Mer  jak na rozkaz poszła szukać kobiety .Nie musiała długo szukać , jej macocha siedziała przy stole w jadalni . Nastolatka podeszła niepewnie i   zdołała tylko wydusić krótkie ale znaczące

-Przepraszam

-Rozumiem cię , byłam w podobnej sytuacji. Wiem że jest ci ciężko ale nie powinnaś obwiniać swojego taty za wszystko nie znając prawdy .

-Jakiej znowu prawdy ? Powiedzcie mi  to w końcu .

- Ja ci tego nie mogę powiedzieć bo to nie są moje sprawy ale wiem że jeśli przyjdzie odpowiedni czas wszystkiego się dowiesz .

Siedziały  przez chwilę w ciszy po czym kobieta wstała .Margaret podniosła głowę w jej  stronę i odparła ciągle zastanawiając się nad słowami kobiety .

-Jeszcze raz przepraszam , i dziękuję pani .

Kobieta lekko uśmiechnęła się i podeszła do Nastolatki .

-Mów mi Lily . W końcu będziemy razem mieszkać .

Mer uśmiechnęła się po czym została sama . Postanowiła że się porozgląda do domu w którym ma za niedługo zamieszkać .Idąc rozmyślała jaki jest sens mieszkania w takim dużym domu .Z zaskoczenia otworzyły się drzwi  z lewej strony . Zobaczyła ojca i jakiegoś mężczyznę. Spojrzała na ojca szukając odpowiedzi na jego twarzy , po czym usłyszała ciepłe słowa z jego strony .

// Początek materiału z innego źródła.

lemma relabel_comp: "relabel p (relabel q x) = relabel (q \<circ> p) x"
  by (simp add: relabel_def vec_eq_iff)

lemma relabel_id [simp]: "relabel id = id"
  by (simp add: relabel_def vec_eq_iff fun_eq_iff)

lemma linear_relabel: "linear (relabel s)"
  by (auto simp: linear_iff relabel_def vec_eq_iff)

lemma relabel_axis: "p permutes UNIV \<Longrightarrow> relabel p (axis i e) = axis (inv p i) e"
  by (auto simp: relabel_def axis_def vec_eq_iff permutes_inverses)

lemma bij_betw_relabel_Basis:
  assumes p: "p permutes UNIV"
  shows "bij_betw (relabel p) (Basis :: 'n::finite cfg set) Basis"
proof (rule bij_betw_byWitness[where f' = "relabel (inv p)"])
  have p': "inv p permutes UNIV"
    using p by (rule permutes_inv)
  show "\<forall>x\<in>Basis. relabel (inv p) (relabel p x) = (x :: 'n cfg)"
    "\<forall>x\<in>Basis. relabel p (relabel (inv p) x) = (x :: 'n cfg)"
    by (simp_all add: relabel_comp permutes_inv_o[OF p])
  show "relabel p ` Basis \<subseteq> (Basis :: 'n cfg set)" "relabel (inv p) ` Basis \<subseteq> (Basis :: 'n cfg set)"
    by (force simp: Basis_vec_def relabel_axis[OF p] relabel_axis[OF p'])+
qed

lemma measurable_relabel: "relabel s \<in> lborel \<rightarrow>\<^sub>M lborel"
  by (rule linear_measurable_lborel[OF linear_relabel])

lemma distr_lborel_relabel:
  "p permutes UNIV \<Longrightarrow> distr lborel lborel (relabel p) = (lborel :: 'n::finite cfg measure)"
  by (rule distr_lborel_permuting_linear[OF linear_relabel bij_betw_relabel_Basis])

lemma AE_lborel_relabel:
  assumes p: "p permutes UNIV" and P: "AE x in lborel. P x"
  shows "AE x in (lborel :: 'n::finite cfg measure). P (relabel p x)"
proof -
  have "AE x in distr lborel lborel (relabel p). P x"
    unfolding distr_lborel_relabel[OF p] by (rule P)
  then show ?thesis
    by (rule AE_distrD[OF measurable_relabel])
qed

lemma borel_measurable_cnj [measurable]:
  "f \<in> borel_measurable M \<Longrightarrow> (\<lambda>x. cnj (f x)) \<in> borel_measurable M"
  by (intro borel_measurable_continuous_on[where f = cnj] continuous_on_cnj continuous_on_id)

lemma mult_le_sum_squares:
  fixes a b :: real
  assumes "0 \<le> a" "0 \<le> b"
  shows "a * b \<le> a\<^sup>2 + b\<^sup>2"
proof -
  have "2 * (a * b) \<le> a\<^sup>2 + b\<^sup>2"
    using sum_squares_bound[of a b] by (simp add: mult.assoc)
  moreover have "0 \<le> a * b"
    using assms by simp
  ultimately show ?thesis
    by linarith
qed

lemma L2_measurable: "f \<in> L2 \<Longrightarrow> f \<in> borel_measurable lborel"
  by (simp add: L2_def)

lemma L2_integrable: "f \<in> L2 \<Longrightarrow> integrable lborel (\<lambda>x. (cmod (f x))\<^sup>2)"
  by (simp add: L2_def)

lemma L2_add:
  assumes f: "f \<in> L2" and g: "g \<in> L2"
  shows "(\<lambda>x. f x + g x) \<in> L2"
proof -
  have bound: "(cmod (f x + g x))\<^sup>2 \<le> 2 * (cmod (f x))\<^sup>2 + 2 * (cmod (g x))\<^sup>2" for x
  proof -
    have "(cmod (f x + g x))\<^sup>2 \<le> (cmod (f x) + cmod (g x))\<^sup>2"
      by (intro power_mono norm_triangle_ineq) simp
    also have "\<dots> \<le> 2 * (cmod (f x))\<^sup>2 + 2 * (cmod (g x))\<^sup>2"
      using sum_squares_bound[of "cmod (f x)" "cmod (g x)"] by (simp add: power2_sum)
    finally show ?thesis .
  qed
  have [measurable]: "f \<in> borel_measurable lborel" "g \<in> borel_measurable lborel"
    using f g L2_measurable by blast+
  have "integrable lborel (\<lambda>x. 2 * (cmod (f x))\<^sup>2 + 2 * (cmod (g x))\<^sup>2)"
    using f g by (simp add: L2_integrable)
  then have "integrable lborel (\<lambda>x. (cmod (f x + g x))\<^sup>2)"
    by (rule Bochner_Integration.integrable_bound) (use bound in auto)
  then show ?thesis
    unfolding L2_def by simp
qed

lemma L2_mult:
  assumes "f \<in> L2"
  shows "(\<lambda>x. c * f x) \<in> L2"
proof -
  have [measurable]: "f \<in> borel_measurable lborel"
    using assms by (rule L2_measurable)
  show ?thesis
    using assms by (simp add: L2_def norm_mult power_mult_distrib)
qed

- Obiad czeka na ciebie w jadalni .

-Już idę.

Powiedziała i pokierowała się do jadalni.

-Powiedz Lily że się spóźnię .

Mer kiwnęła lekko głową  i ruszyła dalej .Wchodząc do pokoju poczuła zapach kurczaka w miodzie, uwielbiała to danie . Przy stole siedziała już Lily z córką cicho rozmawiając . Gdy zobaczyły Margaret dziewczyna wstała i podeszła do niej .

-Miło mi poznać , jestem Selly mów mi Sel. Mam nadzieję że się polubimy .

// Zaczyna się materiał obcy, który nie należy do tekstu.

text \<open>Measures on V (discrete sigma-algebra) are represented by their weight functions
  \<open>'v \<Rightarrow> real\<close>, vanishing outside V.\<close>
definition coupling :: "'v set \<Rightarrow> ('v \<Rightarrow> real) \<Rightarrow> ('v \<Rightarrow> real) \<Rightarrow> ('v \<times> 'v \<Rightarrow> real) \<Rightarrow> bool" where
  "coupling V p q \<pi> \<longleftrightarrow>
     (\<forall>a b. \<pi> (a, b) \<ge> 0) \<and> (\<forall>a b. a \<notin> V \<or> b \<notin> V \<longrightarrow> \<pi> (a, b) = 0) \<and>
     (\<forall>a\<in>V. ((\<lambda>b. \<pi> (a, b)) has_sum p a) V) \<and>
     (\<forall>b\<in>V. ((\<lambda>a. \<pi> (a, b)) has_sum q b) V)"

definition W1 :: "'v set \<Rightarrow> ('v \<Rightarrow> 'v \<Rightarrow> real) \<Rightarrow> ('v \<Rightarrow> real) \<Rightarrow> ('v \<Rightarrow> real) \<Rightarrow> real" where
  "W1 V d p q = (INF \<pi> \<in> {\<pi>. coupling V p q \<pi> \<and> (\<lambda>(a, b). d a b * \<pi> (a, b)) summable_on (V \<times> V)}.
                   infsum (\<lambda>(a, b). d a b * \<pi> (a, b)) (V \<times> V))"

definition dirac :: "'v \<Rightarrow> 'v \<Rightarrow> real" where
  "dirac z v = (if v = z then 1 else 0)"

definition lazy_walk :: "('v \<Rightarrow> 'v \<Rightarrow> real) \<Rightarrow> real \<Rightarrow> 'v \<Rightarrow> 'v \<Rightarrow> real" where
  "lazy_walk \<mu> \<epsilon> z v = dirac z v + \<epsilon> * \<mu> z v"

definition ORic_eps :: "'v set \<Rightarrow> ('v \<Rightarrow> 'v \<Rightarrow> real) \<Rightarrow> ('v \<Rightarrow> 'v \<Rightarrow> real) \<Rightarrow> real \<Rightarrow> 'v \<Rightarrow> 'v \<Rightarrow> real" where
  "ORic_eps V d \<mu> \<epsilon> x y = 1 - W1 V d (lazy_walk \<mu> \<epsilon> x) (lazy_walk \<mu> \<epsilon> y) / d x y"

end

theory Submission
  imports Defs
begin

text \<open>Write \<open>W(\<epsilon>)\<close> for the Wasserstein distance between \<open>\<mu>\<^sub>x\<^sup>\<epsilon>\<close> and \<open>\<mu>\<^sub>y\<^sup>\<epsilon>\<close>.
  Since \<open>\<mu>\<^sub>z\<^sup>t\<^sup>\<epsilon> = (1 - t) \<delta>\<^sub>z + t \<mu>\<^sub>z\<^sup>\<epsilon>\<close> and \<open>W\<^sub>1\<close> is convex, with
  \<open>W\<^sub>1(\<delta>\<^sub>x, \<delta>\<^sub>y) \<le> d(x,y)\<close>, we get \<open>W(t \<epsilon>) \<le> (1 - t) d(x,y) + t W(\<epsilon>)\<close>: the quotient
  \<open>Ric\<^sub>\<epsilon>(x,y) / \<epsilon>\<close> is nonincreasing in \<open>\<epsilon>\<close>. Testing any coupling against the
  1-Lipschitz function \<open>d(\<cdot>, y)\<close> gives \<open>W(\<epsilon>) \<ge> d(x,y) - C \<epsilon>\<close>, so the quotient is
  bounded above, and therefore converges as \<open>\<epsilon> \<down> 0\<close>.\<close>

lemma ex_lim_quotient_at_right_0:
  fixes g :: "real \<Rightarrow> real"
  assumes superhom: "\<And>s e. 0 < s \<Longrightarrow> s < 1 \<Longrightarrow> 0 < e \<Longrightarrow> e \<le> 1 \<Longrightarrow> s * g e \<le> g (s * e)"
    and bound: "\<And>e. 0 < e \<Longrightarrow> e \<le> 1 \<Longrightarrow> g e \<le> C * e"
  shows "\<exists>L. ((\<lambda>e. g e / e) \<longlongrightarrow> L) (at_right 0)"
proof -
  define h where "h e = - (g e / e)" for e
  have h_mono: "h a \<le> h b" if "a \<in> {..1}" "b \<in> {..1}" "0 < a" "a \<le> b" for a b
  proof (cases "a = b")
    case False
    then have "a / b * g b \<le> g (a / b * b)"
      using that by (intro superhom) auto
    then have "g b / b \<le> g a / a"
      using that by (simp add: field_simps)
    then show ?thesis by (simp add: h_def)
  qed simp
  have h_bound: "- C \<le> h a" if "a \<in> {..1}" "0 < a" for a
    using bound[of a] that by (simp add: h_def field_simps)
  have "at (0::real) within ({0<..} \<inter> {..1}) = at_right 0"
    by (rule at_within_nhd[of _ "{..<1}"]) auto
  then have "(h \<longlongrightarrow> Inf (h ` ({0<..} \<inter> {..1}))) (at_right 0)"
    using Lim_right_bound[of "{..1}" 0 h, OF h_mono h_bound] by simp
  then have "((\<lambda>e. g e / e) \<longlongrightarrow> - Inf (h ` ({0<..} \<inter> {..1}))) (at_right 0)"
    using tendsto_minus by (fastforce simp: h_def)
  then show ?thesis by blast
qed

-Jestem Margaret .Jaka ty jesteś śliczna .

Sel cicho się zaśmiała i usiadła na swoim miejscu .

-Usiądziesz obok mnie ?

-Jasne .

Powiedziała Margaret nie wachając się .

-Tato się spóźni .

W momencie mówienia Mer do jadalni wszedł ojciec , Lily i Sel widząc to  roześmiały się . A po chwili dołączyła do nich Margaret .Na twarzy taty widać było zdziwienie którego Nastolatka nie zapomni do końca życia .Kolacja przebiegła z nie znikającym z twarzy uśmiechem. Po skończeniu posiłku odezwał się słodki głosik Sel .

-Masz może ochotę zobaczyć mój pokój ?

Zapytała z nadzieją dziewczyna .

-No pewnie .

Wstały prawie równocześnie przez co Mer zabawnie zachwiała się .

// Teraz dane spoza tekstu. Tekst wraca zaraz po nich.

(* Let $G$ be a mirror graph, $v$ a vertex with neighbours $v_1,\dots,v_k$, and $A\le \mathrm{Aut}(G)$ the subgroup generated by all mirror automorphisms. For $i\ne j$ let $k_{ij}$ be the order of $\alpha_{vv_i}\alpha_{vv_j}$ (half the length of the unique convex cycle through $vv_i$ and $vv_j$), and $k_{ii}=1$. Then $$A\cong\langle \alpha_{vv_1},\dots,\alpha_{vv_k}\mid (\alpha_{vv_i}\alpha_{vv_j})^{k_{ij}}=1\ \ (1\le i,j\le k)\rangle,$$ so $A$ is a finite Coxeter group and $G\cong\mathrm{Cay}(A,\{\alpha_{vv_1},\dots,\alpha_{vv_k}\})$.
   Context: A mirror graph is a finite connected simple graph $G$ admitting a partition $\{E_1,\dots,E_k\}$ of its edges such that for every $i$ there is an automorphism $\alpha_i$ swapping the endpoints of every edge of $E_i$, with $G-E_i$ having exactly two components that $\alpha_i$ maps isomorphically onto each other. Mirror graphs are partial cubes whose mirror partition is the partition into $\Theta$-classes ($ab\,\Theta\,xy$ iff $d(a,x)+d(b,y)\neq d(a,y)+d(b,x)$). For an edge $xy$, the mirror automorphism $\alpha_{xy}$ is the unique automorphism swapping the endpoints of every edge $\Theta$-equivalent to $xy$. A cycle is convex if every shortest path between two of its vertices lies on it. $\mathrm{Cay}(A,S)$ has vertex set $A$, with $\beta_1,\beta_2$ adjacent iff $\beta_1=s\beta_2$ for some $s\in S$. *)

theory Defs
  imports "HOL-Algebra.Algebra"
begin

definition simple_graph :: "'a set \<Rightarrow> ('a \<Rightarrow> 'a \<Rightarrow> bool) \<Rightarrow> bool" where
  "simple_graph V E \<longleftrightarrow> finite V \<and> (\<forall>x y. E x y \<longrightarrow> x \<in> V \<and> y \<in> V)
     \<and> (\<forall>x y. E x y \<longrightarrow> E y x) \<and> (\<forall>x. \<not> E x x)"

fun walk :: "('a \<Rightarrow> 'a \<Rightarrow> bool) \<Rightarrow> 'a list \<Rightarrow> bool" where
  "walk E [] = False"
| "walk E [x] = True"
| "walk E (x # y # xs) = (E x y \<and> walk E (y # xs))"

definition reach :: "'a set \<Rightarrow> ('a \<Rightarrow> 'a \<Rightarrow> bool) \<Rightarrow> 'a \<Rightarrow> 'a \<Rightarrow> bool" where
  "reach V E x y \<longleftrightarrow> (\<exists>p. walk E p \<and> set p \<subseteq> V \<and> hd p = x \<and> last p = y)"

definition connected_graph :: "'a set \<Rightarrow> ('a \<Rightarrow> 'a \<Rightarrow> bool) \<Rightarrow> bool" where
  "connected_graph V E \<longleftrightarrow> V \<noteq> {} \<and> (\<forall>x\<in>V. \<forall>y\<in>V. reach V E x y)"

definition gdist :: "'a set \<Rightarrow> ('a \<Rightarrow> 'a \<Rightarrow> bool) \<Rightarrow> 'a \<Rightarrow> 'a \<Rightarrow> nat" where
  "gdist V E x y = (LEAST n. \<exists>p. walk E p \<and> set p \<subseteq> V \<and> hd p = x \<and> last p = y
                                 \<and> length p = Suc n)"

definition edges :: "('a \<Rightarrow> 'a \<Rightarrow> bool) \<Rightarrow> 'a set set" where
  "edges E = {{x, y} | x y. E x y}"

definition del_edges :: "('a \<Rightarrow> 'a \<Rightarrow> bool) \<Rightarrow> 'a set set \<Rightarrow> 'a \<Rightarrow> 'a \<Rightarrow> bool" where
  "del_edges E F = (\<lambda>x y. E x y \<and> {x, y} \<notin> F)"

definition components :: "'a set \<Rightarrow> ('a \<Rightarrow> 'a \<Rightarrow> bool) \<Rightarrow> 'a set set" where
  "components V E = {{y \<in> V. reach V E x y} | x. x \<in> V}"

definition graph_aut :: "'a set \<Rightarrow> ('a \<Rightarrow> 'a \<Rightarrow> bool) \<Rightarrow> ('a \<Rightarrow> 'a) \<Rightarrow> bool" where
  "graph_aut V E f \<longleftrightarrow> bij_betw f V V \<and> (\<forall>x\<in>V. \<forall>y\<in>V. E x y \<longleftrightarrow> E (f x) (f y))"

Zaśmiały się i wyszły z jadalni .Wchodząc do pokoju Sel Margaret zobaczyła pełno plakatów i ciuchów porozrzucanych na ziemi .

-Sory za ten bałagan ale tak się dzisiaj stresowałam twoim przyjściem że przeszukałam całą szafę szukając czegoś odpowiedniego .

-Nie było się czym stresować , ale pocieszę cię i powiem że mój pokój wygląda podobnie .

Powiedziała Mer rozbawiając  w ten sposób Sel. Dziewczyna zaczęła zbierać ubrania leżące na podłodze a Margaret podeszła do jednego z plakatów . Przyglądając się ujrzała chłopaka który ją  przewrócił .

-Kto to jest?

Zapytała pokazując palcem na plakacie twarz blondyna .

-Masz dobry gust , to Luke  Hemmings .

Powiedziała ze zadowoleniem Sel .

-Jutro jest ich koncert mam 2 bilety ,pójdziesz ze mną ? Proszę .

-Właściwie …..

Mer nie zdążyła dokończyć zdania bo dziewczyna przerwała jej.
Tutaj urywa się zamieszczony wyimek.